### Work required
Where the line containing "finally show ?thesis" appears in the records below, begin there and output each line verbatim through the last line.

### Material shown
text \<open>Up to a constant, L is minus the total mass of all blocks Gamma_e and Gamma_v minus the
  sum of all potentials xi, so an update touching one edge and one vertex only changes their terms.
  Adding delta(x) to lambda_ij(x) multiplies row x of Gamma_ij by exp(-delta(x)) and Gamma_i(x) by
  exp(delta(x)). With a the row sums of Gamma_ij, b = Gamma_i and delta = log(a/b)/2, both new
  masses equal the sum of sqrt(a b), so L grows by the sum of (sqrt a - sqrt b)^2 = 2 h^2(a, b).
  Adding log A to a potential whose block has mass A normalises that block, so L grows by
  A - 1 - log A, which is nonnegative. Part (c) is part (a) for the graph with every edge reversed
  and every cost matrix transposed, which has the same Lyapunov function.\<close>

lemma sum_diff_eq_except:
  fixes f g :: "'a \<Rightarrow> real"
  assumes "finite A" "a \<in> A" "\<And>x. x \<in> A \<Longrightarrow> x \<noteq> a \<Longrightarrow> f x = g x"
  shows "sum f A - sum g A = f a - g a"
proof -
  have "sum f (A - {a}) = sum g (A - {a})"
    using assms(3) by (intro sum.cong) auto
  then show ?thesis
    using assms(1,2) by (simp add: sum.remove)
qed

lemma exp_half_ln:
  assumes "0 < t"
  shows "exp (1/2 * ln t) = sqrt t"
proof -
  have "exp (1/2 * ln t) = t powr (1/2)"
    using assms by (simp add: powr_def mult.commute)
  then show ?thesis
    using assms by (simp add: powr_half_sqrt)
qed

lemma half_log_ratio_rescaling:
  fixes a b :: real
  assumes "0 < a" "0 < b"
  shows "a * (1 - exp (- (1/2 * ln (a / b)))) + b * (1 - exp (1/2 * ln (a / b)))
    = (sqrt a - sqrt b)^2"
proof -
  define p q where "p = sqrt a" and "q = sqrt b"
  have "0 < p" "0 < q" "a = p^2" "b = q^2"
    using assms by (simp_all add: p_def q_def)
  moreover have "exp (1/2 * ln (a / b)) = p / q"
    using assms exp_half_ln[of "a / b"] by (simp add: p_def q_def real_sqrt_divide)
  ultimately show ?thesis
    by (simp add: exp_minus field_simps power2_eq_square flip: p_def q_def)
qed

lemma hellinger_sq:
  "2 * (hellinger d p q)^2 = (\<Sum>x<d. (sqrt (p x) - sqrt (q x))^2)"
  unfolding hellinger_def by (simp add: power_divide sum_nonneg)

lemma GammaE_pos: "0 < GammaE eta CE lam xiE e x y"
  by (simp add: GammaE_def)

lemma GammaV_pos: "0 < GammaV E eta CV lam xiV v x"
  by (simp add: GammaV_def)

lemma finite_nbrs:
  assumes "finite E"
  shows "finite (nbrs E i)"
proof -
  have "nbrs E i \<subseteq> snd ` E \<union> fst ` E"
    by (force simp: nbrs_def)
  then show ?thesis
    using assms by (meson finite_Un finite_imageI finite_subset)
qed

lemma Lyap_diff_local:
  assumes "finite E" "e0 \<in> E" "v0 \<in> {1..n}"
    and "\<And>e x y. e \<in> E \<Longrightarrow> e \<noteq> e0 \<Longrightarrow> GammaE eta CE lam' xiE' e x y = GammaE eta CE lam xiE e x y"
    and "\<And>e. e \<in> E \<Longrightarrow> e \<noteq> e0 \<Longrightarrow> xiE' e = xiE e"
    and "\<And>v x. v \<in> {1..n} \<Longrightarrow> v \<noteq> v0 \<Longrightarrow> GammaV E eta CV lam' xiV' v x = GammaV E eta CV lam xiV v x"
    and "\<And>v. v \<in> {1..n} \<Longrightarrow> v \<noteq> v0 \<Longrightarrow> xiV' v = xiV v"
  shows "Lyap n d E eta CV CE lam' xiE' xiV' - Lyap n d E eta CV CE lam xiE xiV
    = (\<Sum>x<d. \<Sum>y<d. GammaE eta CE lam xiE e0 x y) - (\<Sum>x<d. \<Sum>y<d. GammaE eta CE lam' xiE' e0 x y)
      + (\<Sum>x<d. GammaV E eta CV lam xiV v0 x) - (\<Sum>x<d. GammaV E eta CV lam' xiV' v0 x)
      - (xiE' e0 - xiE e0) - (xiV' v0 - xiV v0)"
proof -
  have "(\<Sum>e\<in>E. \<Sum>x<d. \<Sum>y<d. GammaE eta CE lam' xiE' e x y) - (\<Sum>e\<in>E. \<Sum>x<d. \<Sum>y<d. GammaE eta CE lam xiE e x y)
      = (\<Sum>x<d. \<Sum>y<d. GammaE eta CE lam' xiE' e0 x y) - (\<Sum>x<d. \<Sum>y<d. GammaE eta CE lam xiE e0 x y)"
    "(\<Sum>v\<in>{1..n}. \<Sum>x<d. GammaV E eta CV lam' xiV' v x) - (\<Sum>v\<in>{1..n}. \<Sum>x<d. GammaV E eta CV lam xiV v x)
      = (\<Sum>x<d. GammaV E eta CV lam' xiV' v0 x) - (\<Sum>x<d. GammaV E eta CV lam xiV v0 x)"
    "sum xiE' E - sum xiE E = xiE' e0 - xiE e0"
    "sum xiV' {1..n} - sum xiV {1..n} = xiV' v0 - xiV v0"
    by (rule sum_diff_eq_except; use assms in simp)+
  then show ?thesis
    unfolding Lyap_def by linarith
qed

lemma Lyap_shift_lam:
  assumes "finite E" "(i, j) \<in> E" "(j, i) \<notin> E" "i \<in> {1..n}"
  shows "Lyap n d E eta CV CE (lam(i := (lam i)(j := \<lambda>x. lam i j x + \<delta> x))) xiE xiV
      - Lyap n d E eta CV CE lam xiE xiV
    = (\<Sum>x<d. (\<Sum>y<d. GammaE eta CE lam xiE (i, j) x y) * (1 - exp (- \<delta> x))
        + GammaV E eta CV lam xiV i x * (1 - exp (\<delta> x)))"
proof -
  define lam' where "lam' = lam(i := (lam i)(j := \<lambda>x. lam i j x + \<delta> x))"
  have "i \<noteq> j"
    using assms(2,3) by auto
  have GammaE_ij: "GammaE eta CE lam' xiE (i, j) x y = GammaE eta CE lam xiE (i, j) x y * exp (- \<delta> x)" for x y
    using \<open>i \<noteq> j\<close> by (simp add: lam'_def GammaE_def exp_add[symmetric] algebra_simps)
  have GammaE_other: "GammaE eta CE lam' xiE e x y = GammaE eta CE lam xiE e x y"
    if "e \<in> E" "e \<noteq> (i, j)" for e x y
    using that assms(3) by (cases e) (auto simp: lam'_def GammaE_def)
  have "finite (nbrs E i)"
    using assms(1) by (rule finite_nbrs)
  moreover have "j \<in> nbrs E i"
    using assms(2) by (simp add: nbrs_def)
  ultimately have "(\<Sum>k\<in>nbrs E i. lam' i k x) - (\<Sum>k\<in>nbrs E i. lam i k x) = \<delta> x" for x
    by (subst sum_diff_eq_except[of _ j]) (simp_all add: lam'_def)
  then have GammaV_i: "GammaV E eta CV lam' xiV i x = GammaV E eta CV lam xiV i x * exp (\<delta> x)" for x
    by (simp add: GammaV_def exp_add[symmetric] algebra_simps)
  have GammaV_other: "GammaV E eta CV lam' xiV v x = GammaV E eta CV lam xiV v x" if "v \<noteq> i" for v x
    using that by (simp add: lam'_def GammaV_def)
  have "Lyap n d E eta CV CE lam' xiE xiV - Lyap n d E eta CV CE lam xiE xiV
    = (\<Sum>x<d. \<Sum>y<d. GammaE eta CE lam xiE (i, j) x y) - (\<Sum>x<d. \<Sum>y<d. GammaE eta CE lam' xiE (i, j) x y)
      + (\<Sum>x<d. GammaV E eta CV lam xiV i x) - (\<Sum>x<d. GammaV E eta CV lam' xiV i x)"
    using Lyap_diff_local[of E "(i, j)" i n] assms GammaE_other GammaV_other by simp
  also have "\<dots> = (\<Sum>x<d. (\<Sum>y<d. GammaE eta CE lam xiE (i, j) x y) * (1 - exp (- \<delta> x))
        + GammaV E eta CV lam xiV i x * (1 - exp (\<delta> x)))"
    unfolding GammaE_ij GammaV_i
    by (simp add: right_diff_distrib sum_subtractf sum.distrib sum_distrib_right)
  finally show ?thesis
    unfolding lam'_def .
qed

lemma Lyap_shift_xi:
  assumes "finite E" "e \<in> E" "v \<in> {1..n}"
  shows "Lyap n d E eta CV CE lam (xiE(e := xiE e + s)) (xiV(v := xiV v + t))
      - Lyap n d E eta CV CE lam xiE xiV
    = (\<Sum>x<d. \<Sum>y<d. GammaE eta CE lam xiE e x y) * (1 - exp (- s)) - s
      + (\<Sum>x<d. GammaV E eta CV lam xiV v x) * (1 - exp (- t)) - t"
proof -
  have GammaE_e: "GammaE eta CE lam (xiE(e := xiE e + s)) e x y = GammaE eta CE lam xiE e x y * exp (- s)" for x y
    by (simp add: GammaE_def exp_add[symmetric] algebra_simps)
  have GammaV_v: "GammaV E eta CV lam (xiV(v := xiV v + t)) v x = GammaV E eta CV lam xiV v x * exp (- t)" for x
    by (simp add: GammaV_def exp_add[symmetric] algebra_simps)
  have "Lyap n d E eta CV CE lam (xiE(e := xiE e + s)) (xiV(v := xiV v + t)) - Lyap n d E eta CV CE lam xiE xiV
    = (\<Sum>x<d. \<Sum>y<d. GammaE eta CE lam xiE e x y) - (\<Sum>x<d. \<Sum>y<d. GammaE eta CE lam (xiE(e := xiE e + s)) e x y)
      + (\<Sum>x<d. GammaV E eta CV lam xiV v x) - (\<Sum>x<d. GammaV E eta CV lam (xiV(v := xiV v + t)) v x)
      - s - t"
    using Lyap_diff_local[of E e v n] assms by (simp add: GammaE_def GammaV_def)
  then show ?thesis
    unfolding GammaE_e GammaV_v
    by (simp add: right_diff_distrib sum_distrib_right)
qed

lemma nbrs_transpose: "nbrs (prod.swap ` E) = nbrs E"
  unfolding nbrs_def by (auto intro: rev_image_eqI)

### Response to the task
  finally show ?thesis
    unfolding lam'_def .
qed

lemma Lyap_shift_xi:
  assumes "finite E" "e \<in> E" "v \<in> {1..n}"
  shows "Lyap n d E eta CV CE lam (xiE(e := xiE e + s)) (xiV(v := xiV v + t))
      - Lyap n d E eta CV CE lam xiE xiV
    = (\<Sum>x<d. \<Sum>y<d. GammaE eta CE lam xiE e x y) * (1 - exp (- s)) - s
      + (\<Sum>x<d. GammaV E eta CV lam xiV v x) * (1 - exp (- t)) - t"
proof -
  have GammaE_e: "GammaE eta CE lam (xiE(e := xiE e + s)) e x y = GammaE eta CE lam xiE e x y * exp (- s)" for x y
    by (simp add: GammaE_def exp_add[symmetric] algebra_simps)
  have GammaV_v: "GammaV E eta CV lam (xiV(v := xiV v + t)) v x = GammaV E eta CV lam xiV v x * exp (- t)" for x
    by (simp add: GammaV_def exp_add[symmetric] algebra_simps)
  have "Lyap n d E eta CV CE lam (xiE(e := xiE e + s)) (xiV(v := xiV v + t)) - Lyap n d E eta CV CE lam xiE xiV
    = (\<Sum>x<d. \<Sum>y<d. GammaE eta CE lam xiE e x y) - (\<Sum>x<d. \<Sum>y<d. GammaE eta CE lam (xiE(e := xiE e + s)) e x y)
      + (\<Sum>x<d. GammaV E eta CV lam xiV v x) - (\<Sum>x<d. GammaV E eta CV lam (xiV(v := xiV v + t)) v x)
      - s - t"
    using Lyap_diff_local[of E e v n] assms by (simp add: GammaE_def GammaV_def)
  then show ?thesis
    unfolding GammaE_e GammaV_v
    by (simp add: right_diff_distrib sum_distrib_right)
qed

lemma nbrs_transpose: "nbrs (prod.swap ` E) = nbrs E"
  unfolding nbrs_def by (auto intro: rev_image_eqI)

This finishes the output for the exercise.